Jim> Stallman wants Guile to use MULE's encoding, which I think is
Jim> horrible.

Gross.

Does he have some real objection to Unicode?  Or is this just an
arbitrary and quixotic decision?

Jim> There's no nice way to deal with variable-length characters.
Jim> string-length and string-ref are just hopeless, if you want to
Jim> preserve the properties promised by R4RS.

I only have R3.99RS here, so I don't know what properties are
guaranteed.  But many string functions are losers with a multibyte
encoding.  For instance string-set! can resize the string's buffer.

Jim> Wide characters are better, but Stallman is opposed to them.  He
Jim> feels they will waste memory (not a good argument --- sometimes
Jim> memory is worth wasting) and will make interoperation with
Jim> ordinary C code harder (this is a good point).
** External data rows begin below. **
(* Let $S$ be a semigroup and $\mu$ a finitely-additive probability measure on $S$. If $\mu$ is right fairly invariant, then any two $\mathcal L$-classes contained in the same $\mathcal D$-class have equal $\mu$-measure. If $\mu$ is left fairly invariant, then any two $\mathcal R$-classes contained in the same $\mathcal D$-class have equal $\mu$-measure. If $\mu$ is both left and right fairly invariant, then any two $\mathcal H$-classes contained in the same $\mathcal D$-class have equal $\mu$-measure.
   Context: Green's relations on $S$: $a\,\mathcal L\,b$ iff $S^1a=S^1b$; $a\,\mathcal R\,b$ iff $aS^1=bS^1$; $\mathcal H=\mathcal L\cap\mathcal R$; $\mathcal D=\mathcal L\circ\mathcal R$. $s$ acts injectively on the left (right) of $A\subseteq S$ if $a\mapsto sa$ ($a\mapsto as$) is injective on $A$. A finitely-additive probability measure is $\mu:\mathcal P(S)\to[0,1]$ with $\mu(S)=1$, additive on disjoint sets; it is left fairly invariant if $\mu(sA)=\mu(A)$ whenever $s$ acts injectively on the left of $A$, right fairly invariant if $\mu(As)=\mu(A)$ whenever $s$ acts injectively on the right of $A$. *)

theory Defs
  imports Complex_Main
begin

text \<open>The semigroup S is the whole carrier of a type of class semigroup_mult.
  S^1 a = {a} \<union> S a and a S^1 = {a} \<union> a S.\<close>

definition left_ideal1 :: "'a::semigroup_mult \<Rightarrow> 'a set" where
  "left_ideal1 a = insert a {s * a | s. True}"

definition right_ideal1 :: "'a::semigroup_mult \<Rightarrow> 'a set" where
  "right_ideal1 a = insert a {a * s | s. True}"

definition greenL :: "'a::semigroup_mult \<Rightarrow> 'a \<Rightarrow> bool" where
  "greenL a b \<longleftrightarrow> left_ideal1 a = left_ideal1 b"

definition greenR :: "'a::semigroup_mult \<Rightarrow> 'a \<Rightarrow> bool" where
  "greenR a b \<longleftrightarrow> right_ideal1 a = right_ideal1 b"

definition greenH :: "'a::semigroup_mult \<Rightarrow> 'a \<Rightarrow> bool" where
  "greenH a b \<longleftrightarrow> greenL a b \<and> greenR a b"

definition greenD :: "'a::semigroup_mult \<Rightarrow> 'a \<Rightarrow> bool" where
  "greenD a b \<longleftrightarrow> (\<exists>c. greenL a c \<and> greenR c b)"

definition Lclass :: "'a::semigroup_mult \<Rightarrow> 'a set" where
  "Lclass a = {b. greenL a b}"

definition Rclass :: "'a::semigroup_mult \<Rightarrow> 'a set" where
  "Rclass a = {b. greenR a b}"

definition Hclass :: "'a::semigroup_mult \<Rightarrow> 'a set" where
  "Hclass a = {b. greenH a b}"

definition fa_prob_measure :: "('a set \<Rightarrow> real) \<Rightarrow> bool" where
  "fa_prob_measure \<mu> \<longleftrightarrow>
     (\<forall>A. 0 \<le> \<mu> A \<and> \<mu> A \<le> 1) \<and> \<mu> UNIV = 1 \<and>
     (\<forall>A B. A \<inter> B = {} \<longrightarrow> \<mu> (A \<union> B) = \<mu> A + \<mu> B)"

definition left_fairly_invariant :: "('a::semigroup_mult set \<Rightarrow> real) \<Rightarrow> bool" where
  "left_fairly_invariant \<mu> \<longleftrightarrow>
     (\<forall>s A. inj_on (\<lambda>a. s * a) A \<longrightarrow> \<mu> ((\<lambda>a. s * a) ` A) = \<mu> A)"

definition right_fairly_invariant :: "('a::semigroup_mult set \<Rightarrow> real) \<Rightarrow> bool" where
  "right_fairly_invariant \<mu> \<longleftrightarrow>
     (\<forall>s A. inj_on (\<lambda>a. a * s) A \<longrightarrow> \<mu> ((\<lambda>a. a * s) ` A) = \<mu> A)"

end

theory Submission
  imports Defs
begin

text \<open>The argument is Green's lemma: if \<open>c \<R> b\<close>, say \<open>b = c s\<close> and \<open>c = b t\<close>, then right
  multiplication by \<open>s\<close> and by \<open>t\<close> are mutually inverse bijections between the
  \<open>\<L>\<close>-classes of \<open>c\<close> and \<open>b\<close>, and they restrict to bijections between the \<open>\<H>\<close>-classes.
  A right fairly invariant measure therefore gives both pairs of classes the same mass,
  and dually for left translations along an \<open>\<L>\<close>-relation. Two classes in one
  \<open>\<D>\<close>-class are linked through an element \<open>c\<close> with \<open>a \<L> c \<R> b\<close>.\<close>

lemma left_ideal1_iff: "x \<in> left_ideal1 y \<longleftrightarrow> x = y \<or> (\<exists>u. x = u * y)"
  unfolding left_ideal1_def by auto

lemma right_ideal1_iff: "x \<in> right_ideal1 y \<longleftrightarrow> x = y \<or> (\<exists>u. x = y * u)"
  unfolding right_ideal1_def by auto

lemma left_ideal1_subset: "x \<in> left_ideal1 y \<Longrightarrow> left_ideal1 x \<subseteq> left_ideal1 y"
  unfolding left_ideal1_def by (auto simp flip: mult.assoc)

lemma right_ideal1_subset: "x \<in> right_ideal1 y \<Longrightarrow> right_ideal1 x \<subseteq> right_ideal1 y"
  unfolding right_ideal1_def by (auto simp: mult.assoc)

lemma greenL_iff: "greenL x y \<longleftrightarrow> x \<in> left_ideal1 y \<and> y \<in> left_ideal1 x"
  unfolding greenL_def
  by (metis insertI1 left_ideal1_def left_ideal1_subset subset_antisym subsetD)

lemma greenR_iff: "greenR x y \<longleftrightarrow> x \<in> right_ideal1 y \<and> y \<in> right_ideal1 x"
  unfolding greenR_def
  by (metis insertI1 right_ideal1_def right_ideal1_subset subset_antisym subsetD)

lemma left_ideal1_mult_right: "x \<in> left_ideal1 y \<Longrightarrow> x * s \<in> left_ideal1 (y * s)"
  unfolding left_ideal1_iff by (metis mult.assoc)

lemma right_ideal1_mult_left: "x \<in> right_ideal1 y \<Longrightarrow> s * x \<in> right_ideal1 (s * y)"
  unfolding right_ideal1_iff by (metis mult.assoc)

lemma greenL_mult_right: "greenL x y \<Longrightarrow> greenL (x * s) (y * s)"
  by (simp add: greenL_iff left_ideal1_mult_right)

lemma greenR_mult_left: "greenR x y \<Longrightarrow> greenR (s * x) (s * y)"
  by (simp add: greenR_iff right_ideal1_mult_left)

lemma greenR_mult_right_if_cancel: "x * s * t = x \<Longrightarrow> greenR x (x * s)"
  unfolding greenR_iff right_ideal1_iff by (metis mult.assoc)

lemma greenL_mult_left_if_cancel: "t * (s * x) = x \<Longrightarrow> greenL x (s * x)"
  unfolding greenL_iff left_ideal1_iff by (metis mult.assoc)

lemma Lclass_eq: "greenL a c \<Longrightarrow> Lclass a = Lclass c"
  unfolding Lclass_def greenL_def by simp

lemma Rclass_eq: "greenR a c \<Longrightarrow> Rclass a = Rclass c"
  unfolding Rclass_def greenR_def by simp

lemma greenR_cases:
  assumes "greenR c b"
  obtains "c = b" | s t where "b = c * s" "c = b * t"
  using assms unfolding greenR_iff right_ideal1_iff by metis

lemma greenL_cases:
  assumes "greenL c a"
  obtains "c = a" | s t where "a = s * c" "c = t * a"
  using assms unfolding greenL_iff left_ideal1_iff by metis

lemma right_translation_Lclass:
  assumes "b = c * s" "c = b * t" "x \<in> Lclass c"
  shows "x * s \<in> Lclass b" and "x * s * t = x"
proof -
  from assms(3) have "greenL c x" by (simp add: Lclass_def)
  then show "x * s \<in> Lclass b"
    using greenL_mult_right assms(1) by (auto simp: Lclass_def)
  from \<open>greenL c x\<close> obtain u where "x = c \<or> x = u * c"
    by (auto simp: greenL_iff left_ideal1_iff)
  moreover have "c * s * t = c" using assms(1,2) by simp
  ultimately show "x * s * t = x" by (metis mult.assoc)
qed

lemma right_translation_Hclass:
  assumes "b = c * s" "c = b * t" "x \<in> Hclass c"
  shows "x * s \<in> Hclass b"
proof -
  have "x \<in> Lclass c" using assms(3) by (simp add: Hclass_def Lclass_def greenH_def)
  then have "x * s \<in> Lclass b" and "greenR x (x * s)"
    using right_translation_Lclass[OF assms(1,2)] greenR_mult_right_if_cancel by blast+
  moreover have "greenR c x" using assms(3) by (simp add: Hclass_def greenH_def)
  moreover have "greenR b c" using assms(1,2) greenR_mult_right_if_cancel by metis
  ultimately show ?thesis by (simp add: Hclass_def Lclass_def greenH_def greenR_def)
qed

lemma left_translation_Rclass:
  assumes "a = s * c" "c = t * a" "x \<in> Rclass c"
  shows "s * x \<in> Rclass a" and "t * (s * x) = x"
proof -
  from assms(3) have "greenR c x" by (simp add: Rclass_def)
  then show "s * x \<in> Rclass a"
    using greenR_mult_left assms(1) by (auto simp: Rclass_def)
  from \<open>greenR c x\<close> obtain u where "x = c \<or> x = c * u"
    by (auto simp: greenR_iff right_ideal1_iff)
  moreover have "t * (s * c) = c" using assms(1,2) by simp
  ultimately show "t * (s * x) = x" by (metis mult.assoc)
qed

lemma left_translation_Hclass:
  assumes "a = s * c" "c = t * a" "x \<in> Hclass c"
  shows "s * x \<in> Hclass a"
proof -
  have "x \<in> Rclass c" using assms(3) by (simp add: Hclass_def Rclass_def greenH_def)
  then have "s * x \<in> Rclass a" and "greenL x (s * x)"
    using left_translation_Rclass[OF assms(1,2)] greenL_mult_left_if_cancel by blast+
  moreover have "greenL c x" using assms(3) by (simp add: Hclass_def greenH_def)
  moreover have "greenL a c" using assms(1,2) greenL_mult_left_if_cancel by metis
  ultimately show ?thesis by (simp add: Hclass_def Rclass_def greenH_def greenL_def)
qed

lemma bij_betw_right_translation_Lclass:
  assumes "b = c * s" "c = b * t"
  shows "bij_betw (\<lambda>x. x * s) (Lclass c) (Lclass b)"
  by (rule bij_betw_byWitness[where f' = "\<lambda>y. y * t"])
     (use right_translation_Lclass[OF assms] right_translation_Lclass[OF assms(2,1)] in auto)

lemma bij_betw_right_translation_Hclass:
  assumes "b = c * s" "c = b * t"
  shows "bij_betw (\<lambda>x. x * s) (Hclass c) (Hclass b)"
proof -
  have "Hclass d \<subseteq> Lclass d" for d :: 'a
    by (auto simp: Hclass_def Lclass_def greenH_def)
  then show ?thesis
    by (intro bij_betw_byWitness[where f' = "\<lambda>y. y * t"])
       (use right_translation_Lclass[OF assms] right_translation_Lclass[OF assms(2,1)]
            right_translation_Hclass[OF assms] right_translation_Hclass[OF assms(2,1)] in blast)+
qed

lemma bij_betw_left_translation_Rclass:
  assumes "a = s * c" "c = t * a"
  shows "bij_betw (\<lambda>x. s * x) (Rclass c) (Rclass a)"
  by (rule bij_betw_byWitness[where f' = "\<lambda>y. t * y"])
     (use left_translation_Rclass[OF assms] left_translation_Rclass[OF assms(2,1)] in auto)

lemma bij_betw_left_translation_Hclass:
  assumes "a = s * c" "c = t * a"
  shows "bij_betw (\<lambda>x. s * x) (Hclass c) (Hclass a)"
proof -
  have "Hclass d \<subseteq> Rclass d" for d :: 'a
    by (auto simp: Hclass_def Rclass_def greenH_def)
  then show ?thesis
    by (intro bij_betw_byWitness[where f' = "\<lambda>y. t * y"])
       (use left_translation_Rclass[OF assms] left_translation_Rclass[OF assms(2,1)]
            left_translation_Hclass[OF assms] left_translation_Hclass[OF assms(2,1)] in blast)+
qed

lemma right_fairly_invariant_bij_betw:
  "right_fairly_invariant \<mu> \<Longrightarrow> bij_betw (\<lambda>x. x * s) A B \<Longrightarrow> \<mu> A = \<mu> B"
  unfolding right_fairly_invariant_def bij_betw_def by metis

lemma left_fairly_invariant_bij_betw:
  "left_fairly_invariant \<mu> \<Longrightarrow> bij_betw (\<lambda>x. s * x) A B \<Longrightarrow> \<mu> A = \<mu> B"
  unfolding left_fairly_invariant_def bij_betw_def by metis

lemma measure_Lclass_eq_if_greenR:
  assumes "right_fairly_invariant \<mu>" "greenR c b"
  shows "\<mu> (Lclass c) = \<mu> (Lclass b)"
  using assms(2) by (cases rule: greenR_cases)
    (auto intro: right_fairly_invariant_bij_betw[OF assms(1)] bij_betw_right_translation_Lclass)

lemma measure_Hclass_eq_if_greenR:
  assumes "right_fairly_invariant \<mu>" "greenR c b"
  shows "\<mu> (Hclass c) = \<mu> (Hclass b)"
  using assms(2) by (cases rule: greenR_cases)
    (auto intro: right_fairly_invariant_bij_betw[OF assms(1)] bij_betw_right_translation_Hclass)

lemma measure_Rclass_eq_if_greenL:
  assumes "left_fairly_invariant \<mu>" "greenL c a"
  shows "\<mu> (Rclass c) = \<mu> (Rclass a)"
  using assms(2) by (cases rule: greenL_cases)
    (auto intro: left_fairly_invariant_bij_betw[OF assms(1)] bij_betw_left_translation_Rclass)

lemma measure_Hclass_eq_if_greenL:
  assumes "left_fairly_invariant \<mu>" "greenL c a"
  shows "\<mu> (Hclass c) = \<mu> (Hclass a)"
  using assms(2) by (cases rule: greenL_cases)
    (auto intro: left_fairly_invariant_bij_betw[OF assms(1)] bij_betw_left_translation_Hclass)

theorem mainTheorem10:
  fixes \<mu> :: "'a::semigroup_mult set \<Rightarrow> real"
  assumes "fa_prob_measure \<mu>"
  shows "(right_fairly_invariant \<mu> \<longrightarrow>
            (\<forall>a b. greenD a b \<longrightarrow> \<mu> (Lclass a) = \<mu> (Lclass b)))
       \<and> (left_fairly_invariant \<mu> \<longrightarrow>
            (\<forall>a b. greenD a b \<longrightarrow> \<mu> (Rclass a) = \<mu> (Rclass b)))
       \<and> (left_fairly_invariant \<mu> \<and> right_fairly_invariant \<mu> \<longrightarrow>
            (\<forall>a b. greenD a b \<longrightarrow> \<mu> (Hclass a) = \<mu> (Hclass b)))"
proof (intro conjI impI allI)
  fix a b :: 'a
  assume "greenD a b"
  then obtain c where ac: "greenL a c" and cb: "greenR c b" by (auto simp: greenD_def)
  then have ca: "greenL c a" and bc: "greenR b c" by (simp_all add: greenL_def greenR_def)
  show "\<mu> (Lclass a) = \<mu> (Lclass b)" if "right_fairly_invariant \<mu>"
    using Lclass_eq[OF ac] measure_Lclass_eq_if_greenR[OF that cb] by simp
  show "\<mu> (Rclass a) = \<mu> (Rclass b)" if "left_fairly_invariant \<mu>"
    using Rclass_eq[OF bc] measure_Rclass_eq_if_greenL[OF that ca] by simp
  show "\<mu> (Hclass a) = \<mu> (Hclass b)" if "left_fairly_invariant \<mu> \<and> right_fairly_invariant \<mu>"
    using that measure_Hclass_eq_if_greenL[of \<mu> c a] measure_Hclass_eq_if_greenR[of \<mu> c b] ca cb
    by simp
qed

end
C interoperability is indeed a problem.  For instance many functions
in posix.c would need to do a wide->multibyte conversion on their
arguments.  There are lots of examples of this, even mildly suprising
ones.  For instance the gettext library currently assumes C strings;
either a conversion would be necessary here (doesn't that seem
losing?), or gettext would need some hacking.  One could safely say
that this will be the case with basically every library you'd want to
interface with Guile.  So the choice of wide-vs-multibye would depend
in part on how often you think string operations happen in comparison
to interactions with other libraries.

I get the feeling that encoding choice has many dimensions of
complexity.  I also get the feeling that I don't know what all of them
are.


What's the word on excising mbstrings.[ch]?